Centre for the Study of Existential Risk, University of Cambridge, 16 Mill Lane, Cambridge, CB2 1SB, UK.
Melbourne School of Psychological Sciences, University of Melbourne, Melbourne, Australia.
Behav Res Methods. 2024 Aug;56(5):4958-4973. doi: 10.3758/s13428-023-02234-x. Epub 2023 Oct 13.
In this paper we investigate the criterion validity of forced-choice comparisons of the quality of written arguments with normative solutions. Across two studies, novices and experts assessing quality of reasoning through a forced-choice design were both able to choose arguments supporting more accurate solutions-62.2% (SE = 1%) of the time for novices and 74.4% (SE = 1%) for experts-and arguments produced by larger teams-up to 82% of the time for novices and 85% for experts-with high inter-rater reliability, namely 70.58% (95% CI = 1.18) agreement for novices and 80.98% (95% CI = 2.26) for experts. We also explored two methods for increasing efficiency. We found that the number of comparative judgments needed could be substantially reduced with little accuracy loss by leveraging transitivity and producing quality-of-reasoning assessments using an AVL tree method. Moreover, a regression model trained to predict scores based on automatically derived linguistic features of participants' judgments achieved a high correlation with the objective accuracy scores of the arguments in our dataset. Despite the inherent subjectivity involved in evaluating differing quality of reasoning, the forced-choice paradigm allows even novice raters to perform beyond chance and can provide a valid, reliable, and efficient method for producing quality-of-reasoning assessments at scale.

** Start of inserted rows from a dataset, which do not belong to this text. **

lemma y_outer_times_subst_exchange_factor:
  assumes "c = - of_int z"
  shows "y_outer * fps_subst fps_const (inv_phi \<beta> c) exchange_factor = inv_phi_outer c * shifted_factor z"
proof -
  interpret S: ring_1_hom "fps_subst fps_const (inv_phi \<beta> c)"
    by (rule fps_subst_setting.ring_1_hom_fps_subst[OF fps_subst_setting_const])
  interpret const: ring_1_hom "fps_map (fps_const :: complex \<Rightarrow> complex fps)"
    by (rule ring_1_hom.ring_1_hom_fps_map[OF ring_1_hom_fps_const])
  have "fps_map fps_const (fps_X * (1 + fps_const \<beta> * inv_phi \<beta> c ^ 2)) =
      fps_map fps_const (inv_phi \<beta> c * (1 + fps_const c * fps_X + fps_const \<beta> * fps_X ^ 2))"
    using inv_phi_equation by simp
  then have "y_outer * (1 + \<beta>_const * inv_phi_outer c ^ 2) =
      inv_phi_outer c * (1 + fps_const (fps_const c) * y_outer + \<beta>_const * y_outer ^ 2)"
    unfolding inv_phi_outer_def
    by (simp only: const.hom_add const.hom_mult const.hom_power const.hom_one
        ring_1_hom.fps_map_X[OF ring_1_hom_fps_const] ring_1_hom.fps_map_const[OF ring_1_hom_fps_const])
  moreover have "fps_const (fps_const c) = - (of_int z :: complex fps fps)"
    unfolding assms by (simp add: fps_of_int[symmetric])
  ultimately have "y_outer * (1 + \<beta>_const * inv_phi_outer c ^ 2) =
      inv_phi_outer c * (1 - of_int z * y_outer + \<beta>_const * y_outer ^ 2)"
    by simp
  then show ?thesis
    unfolding exchange_factor_def S.hom_mult S.hom_diff S.hom_one subst_outer_simps shifted_factor_def
      exchange_factor_def
    by algebra
qed

lemma y_outer_times_subst_xy:
  "y_outer * fps_subst fps_const (inv_phi \<beta> c) (x_inner * y_outer) = inv_phi_outer c * (x_inner * y_outer)"
  unfolding ring_1_hom.hom_mult[OF fps_subst_setting.ring_1_hom_fps_subst[OF fps_subst_setting_const]]
    subst_outer_simps
  by (simp add: algebra_simps)

lemma exchange_relation_phi:
  assumes "c = - of_int z"
  shows "lift2 (shifted_factor z) * comm (T_inner i j) (T_phi_outer c k l) =
    lift2 (x_inner * y_outer) * (T_inner k j * T_phi_outer c i l - T_phi_outer c k j * T_inner i l)"
proof -
  let ?S = "fps_subst (\<lambda>z. fps_const (sc z)) (inv_phi \<beta> c)" and ?Sc = "fps_subst fps_const (inv_phi \<beta> c)"
  interpret S: ring_1_hom ?S
    by (rule fps_subst_setting.ring_1_hom_fps_subst[OF fps_subst_setting_sc_const])
  have S_inner: "?S (T_inner a b) = T_inner a b" for a b
    unfolding T_inner_def by (rule fps_subst_setting.fps_subst_const[OF fps_subst_setting_sc_const])
  have S_outer: "?S (T_outer a b) = T_phi_outer c a b" for a b
    unfolding T_outer_def T_phi_outer_def T_phi_def
    by (rule fps_subst_natural[symmetric, OF ring_1_hom_fps_const]) simp
  have S_lift2: "?S (lift2 k) = lift2 (?Sc k)" for k
    by (rule fps_subst_natural[symmetric, OF lift1.ring_1_hom_axioms]) (simp add: sc.fps_map_const)
  have "?S (lift2 exchange_factor * comm (T_inner i j) (T_outer k l)) =
      ?S (lift2 (x_inner * y_outer) * (T_inner k j * T_outer i l - T_outer k j * T_inner i l))"
    using exchange_relation by simp
  then have "lift2 (?Sc exchange_factor) * comm (T_inner i j) (T_phi_outer c k l) =
      lift2 (?Sc (x_inner * y_outer)) * (T_inner k j * T_phi_outer c i l - T_phi_outer c k j * T_inner i l)"
    unfolding comm_def by (simp only: S.hom_mult S.hom_diff S_inner S_outer S_lift2)
  then have "lift2 (y_outer * ?Sc exchange_factor) * comm (T_inner i j) (T_phi_outer c k l) =
      lift2 (y_outer * ?Sc (x_inner * y_outer)) * (T_inner k j * T_phi_outer c i l - T_phi_outer c k j * T_inner i l)"
    by (simp only: lift2.hom_mult mult.assoc)
  then have "lift2 (inv_phi_outer c) * (lift2 (shifted_factor z) * comm (T_inner i j) (T_phi_outer c k l)
      - lift2 (x_inner * y_outer) * (T_inner k j * T_phi_outer c i l - T_phi_outer c k j * T_inner i l)) = 0"
    unfolding y_outer_times_subst_exchange_factor[OF assms] y_outer_times_subst_xy
    by (simp add: lift2.hom_mult mult.assoc right_diff_distrib)
  moreover have "lift2 (inv_phi_outer c) $ 0 = 0" "lift2 (inv_phi_outer c) $ 1 = 1"
    unfolding inv_phi_outer_def using inv_phi_nth_0[of \<beta> c] inv_phi_nth_1[of \<beta> c]
    by (simp_all add: sc.fps_map_const sc.hom_one lift1.hom_one)
  ultimately show ?thesis
    using fps_mult_eq_0_cancel_order_one by fastforce
qed

lemma subst_inner_simps:
  "fps_map (fps_subst (\<lambda>z::complex. z) (inv_phi \<beta> c)) x_inner = fps_const (inv_phi \<beta> c)"
  "fps_map (fps_subst (\<lambda>z::complex. z) (inv_phi \<beta> c)) y_outer = y_outer"
  "fps_map (fps_subst (\<lambda>z::complex. z) (inv_phi \<beta> c)) \<beta>_const = \<beta>_const"
  using fps_subst_setting.ring_1_hom_fps_subst[OF fps_subst_setting_id]
  by (simp_all add: ring_1_hom.fps_map_const ring_1_hom.fps_map_X fps_map_id
      fps_subst_setting.fps_subst_X[OF fps_subst_setting_id] fps_subst_setting.fps_subst_const[OF fps_subst_setting_id])

lemma diag_subst_inner_xy:
  "fps_diag (fps_map (fps_subst (\<lambda>z::complex. z) (inv_phi \<beta> c)) (x_inner * y_outer)) = inv_phi \<beta> c * fps_X"
proof -
  interpret S: ring_1_hom "fps_map (fps_subst (\<lambda>z::complex. z) (inv_phi \<beta> c))"
    by (rule ring_1_hom.ring_1_hom_fps_map[OF fps_subst_setting.ring_1_hom_fps_subst[OF fps_subst_setting_id]])
  interpret diag: ring_1_hom "fps_diag :: complex fps fps \<Rightarrow> complex fps"
    by (rule ring_1_hom_fps_diag)
  show ?thesis
    by (simp only: S.hom_mult subst_inner_simps diag.hom_mult fps_diag_const fps_diag_X)
qed

lemma diag_subst_inner_shifted_factor:
  assumes "c = - of_int z"
  shows "fps_diag (fps_map (fps_subst (\<lambda>z::complex. z) (inv_phi \<beta> c)) (shifted_factor (z + 1))) = inv_phi \<beta> c * fps_X"
proof -
  interpret S: ring_1_hom "fps_map (fps_subst (\<lambda>z::complex. z) (inv_phi \<beta> c))"
    by (rule ring_1_hom.ring_1_hom_fps_map[OF fps_subst_setting.ring_1_hom_fps_subst[OF fps_subst_setting_id]])
  interpret diag: ring_1_hom "fps_diag :: complex fps fps \<Rightarrow> complex fps"
    by (rule ring_1_hom_fps_diag)
  have "fps_const c = - (of_int z :: complex fps)"
    unfolding assms by (simp add: fps_of_int[symmetric])
  then have "fps_X * (1 + fps_const \<beta> * inv_phi \<beta> c ^ 2) =
      inv_phi \<beta> c * (1 - of_int z * fps_X + fps_const \<beta> * fps_X ^ 2)"
    using inv_phi_equation[of \<beta> c] by simp
  then show ?thesis
    unfolding shifted_factor_def exchange_factor_def
    by (simp only: S.hom_mult S.hom_add S.hom_diff S.hom_one S.hom_of_int subst_inner_simps
        diag.hom_mult diag.hom_add diag.hom_diff diag.hom_one diag.hom_of_int fps_diag_const fps_diag_X
        of_int_add of_int_1) algebra
qed
(* Let $\mathcal{A}$ be a pOC with state set $Q$ whose underlying chain $\mathcal{X}$ is strongly connected, and let $t$ be its trend. There is a vector $v\in\mathbb{R}^Q$ with the following two properties. - For every initial configuration, the process $m^{(0)},m^{(1)},\dots$ on runs of $\mathcal{M}_\mathcal{A}$ defined by $$m^{(i)}=\begin{cases}c^{(i)}+v_{p^{(i)}}-i\cdot t & \text{if } c^{(j)}\ge1 \text{ for all } 0\le j<i,\\ m^{(i-1)} & \text{otherwise}\end{cases}$$ is a martingale. Here $p^{(i)}$ and $c^{(i)}$ are the control state and counter value of the $i$-th configuration of the run. - $v_{\max}-v_{\min}\le 2|Q|/x_{\min}^{|Q|}$, where $x_{\min}$ is the smallest positive transition probability in $\mathcal{X}$, and $v_{\max}$ and $v_{\min}$ are the maximal and minimal components of $v$.
   Context: A pOC is $\mathcal{A}=(Q,\delta^{=0},\delta^{>0},P^{=0},P^{>0})$ with the following components. - $\delta^{>0}\subseteq Q\times\{-1,0,1\}\times Q$ are the positive rules and $\delta^{=0}\subseteq Q\times\{0,1\}\times Q$ are the zero rules. Every state has both kinds of outgoing rule. - $P^{>0}$ and $P^{=0}$ are positive probability distributions over the outgoing rules of each state. $\mathcal{M}_\mathcal{A}$ is the Markov chain on configurations $p(i)$ with the following transitions: - $p(0)\to q(c)$ with probability $P^{=0}(p,c,q)$; - for $i\ge1$, $p(i)\to q(i+c)$ with probability $P^{>0}(p,c,q)$. $\mathcal{X}$ is the finite Markov chain on $Q$ with transition matrix $A_{pq}=\sum_cP^{>0}(p,c,q)$. With $\alpha$ its invariant distribution and $s_p=\sum_{(p,c,q)\in\delta^{>0}}P^{>0}(p,c,q)c$, the trend is $t=\alpha s$. *)

theory Defs
  imports Complex_Main
begin

text \<open>A pOC is given by its positive rules dP (subset of Q x {-1,0,1} x Q), its zero rules
  d0 (subset of Q x {0,1} x Q), and the probability assignments PP, P0
  (functions 'q => int => 'q => real, where P p c q is the probability of rule (p,c,q)).\<close>

type_synonym 'q config = "'q \<times> nat"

在本文中,我们研究了通过强制选择比较来衡量书面论证质量与规范解决方案的标准有效性。在两项研究中,通过强制选择设计评估推理质量的新手和专家都能够选择支持更准确解决方案的论点——新手的正确率为 62.2%(SE=1%),专家的正确率为 74.4%(SE=1%)——以及由更大团队产生的论点,新手的正确率高达 82%,专家的正确率高达 85%,评分者之间具有高度的可靠性,即新手的一致性为 70.58%(95%CI=1.18),专家的一致性为 80.98%(95%CI=2.26)。我们还探索了两种提高效率的方法。我们发现,通过利用传递性和使用 AVL 树方法生成基于推理质量的评估,可以大大减少比较判断的次数,而不会降低准确性。此外,根据参与者判断的自动推导的语言特征训练的回归模型与我们数据集中文本的客观准确性得分高度相关。尽管在评估不同推理质量时存在固有的主观性,但强制选择范式即使是新手评分者也能超越机会水平,并可以提供一种有效、可靠且高效的方法,大规模地进行推理质量评估。